For the given rectangle with vertices at \(A(1,3), B(5,3), C(1,-3),\) and \(D(5,-3)\):

• The base, which lies between points \(A\) and \(B\), can be measured by finding the difference between their x-coordinates: \(|5 - 1| = 4\).
• The height, between points \(A\) and \(C\), can be found by the difference in their y-coordinates: \(|3 - (-3)| = 6\).
• Thus, the area is calculated as \(4 \times 6 = 24\) square units.

This simple process illustrates why understanding how to calculate differences between coordinates is crucial in coordinate geometry.

Plotting vertices on a coordinate plane is the first crucial step in understanding the shape and properties of geometric figures. A coordinate plane consists of two axes: the horizontal x-axis and the vertical y-axis, which intersect at the origin (0,0).

For the rectangle with vertices \(A(1,3), B(5,3), C(1,-3),\) and \(D(5,-3)\):

• Each point has a coordinate pair, where the first number is the x-coordinate and the second is the y-coordinate.
• To plot \(A(1,3)\), move 1 unit along the x-axis and 3 units up the y-axis.
• Continue similarly for \(B(5,3)\), \(C(1,-3)\), and \(D(5,-3)\).

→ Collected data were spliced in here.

(* Let $R$ be a real $n\times n$ expansive matrix, $S=R^t$, $B\subset\mathbb{R}^n$ finite with $0\in B$ and $N=\#B$, $\tau_b(x)=R^{-1}(x+b)$, and let $\mu=\mu_B$ be the invariant measure of $(\tau_b)_{b\in B}$ with equal probabilities. Suppose $\mu$ has a spectrum $\Lambda$ for which there exist $a_1,\dots,a_p\in\mathbb{R}^n$ and sets $\Lambda_1,\dots,\Lambda_p\subset\operatorname{Per}(\hat\delta_B)$ such that $\Lambda=\bigcup_{i=1}^p(a_i+S\Lambda_i)$ as a disjoint union, and each $\Lambda_i$ is a spectrum for $\mu$. Then $p=N$ and $\{S^{-1}a_1,\dots,S^{-1}a_p\}$ is a spectrum for $\delta_B$, i.e. $(\delta_B,\{S^{-1}a_1,\dots,S^{-1}a_p\})$ is a spectral pair. *)

theory Defs
  imports "HOL-Probability.Probability"
begin

definition expo :: "real^'n \<Rightarrow> real^'n \<Rightarrow> complex" where
  "expo l x = cis (2 * pi * (l \<bullet> x))"

definition expansive :: "real^'n^'n \<Rightarrow> bool" where
  "expansive R \<longleftrightarrow>
     (\<forall>z::complex. det (mat z - (\<chi> i j. complex_of_real (R $ i $ j))) = 0 \<longrightarrow> cmod z > 1)"

definition tau :: "real^'n^'n \<Rightarrow> real^'n \<Rightarrow> real^'n \<Rightarrow> real^'n" where
  "tau R b x = matrix_inv R *v (x + b)"

definition ifs_invariant :: "real^'n^'n \<Rightarrow> (real^'n) set \<Rightarrow> (real^'n) measure \<Rightarrow> bool" where
  "ifs_invariant R B \<mu> \<longleftrightarrow>
     sets \<mu> = sets borel \<and> prob_space \<mu> \<and>
     (\<forall>A \<in> sets borel. emeasure \<mu> A =
        (\<Sum>b\<in>B. emeasure \<mu> (tau R b -` A)) / of_nat (card B))"

definition deltaB :: "(real^'n) set \<Rightarrow> (real^'n) measure" where
  "deltaB B = distr (measure_pmf (pmf_of_set B)) borel (\<lambda>x. x)"

definition deltaB_hat :: "(real^'n) set \<Rightarrow> real^'n \<Rightarrow> complex" where
  "deltaB_hat B x = (\<Sum>b\<in>B. expo b x) / of_nat (card B)"

definition Per :: "('a::plus \<Rightarrow> 'b) \<Rightarrow> 'a set" where
  "Per f = {t. \<forall>x. f (x + t) = f x}"

text \<open>Lambda is a spectrum for M: {e_l : l in Lambda} is an orthonormal basis of L^2(M),
  i.e. orthonormal and complete (only the zero element is orthogonal to all e_l).\<close>
definition is_spectrum :: "(real^'n) measure \<Rightarrow> (real^'n) set \<Rightarrow> bool" where
  "is_spectrum M \<Lambda> \<longleftrightarrow>
     (\<forall>l\<in>\<Lambda>. \<forall>l'\<in>\<Lambda>. (LINT x|M. expo l x * cnj (expo l' x)) = (if l = l' then 1 else 0)) \<and>
     (\<forall>f \<in> borel_measurable M. integrable M (\<lambda>x. (cmod (f x))\<^sup>2) \<longrightarrow>
        (\<forall>l\<in>\<Lambda>. (LINT x|M. f x * cnj (expo l x)) = 0) \<longrightarrow> (AE x in M. f x = 0))"

end

theory Submission
  imports Defs
begin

Accurately plotting these points is necessary to ensure the figure is drawn correctly, enabling the subsequent steps in problem-solving, such as determining side lengths and calculating area.

Rectangles have distinct properties that are important in geometry and are easily observable when using coordinate geometry. A rectangle is a quadrilateral with four right angles. Its opposite sides are equal and parallel.

When dealing with rectangles on a coordinate plane:

• The coordinates help determine the orientation and side lengths of the rectangle.
• In our example, vertices \(A(1,3), B(5,3), C(1,-3),\) and \(D(5,-3)\) form a rectangle due to equal and parallel opposing sides: \((AB = CD)\) and \((AC = BD)\).
• A key property is that the diagonals of a rectangle are equal in length; this can be verified by calculating the distance between opposite vertices, such as \(AD\) and \(BC\).

Recognizing these properties is fundamental in identifying and working with rectangles accurately on a coordinate plane, highlighting their symmetry and simplicity.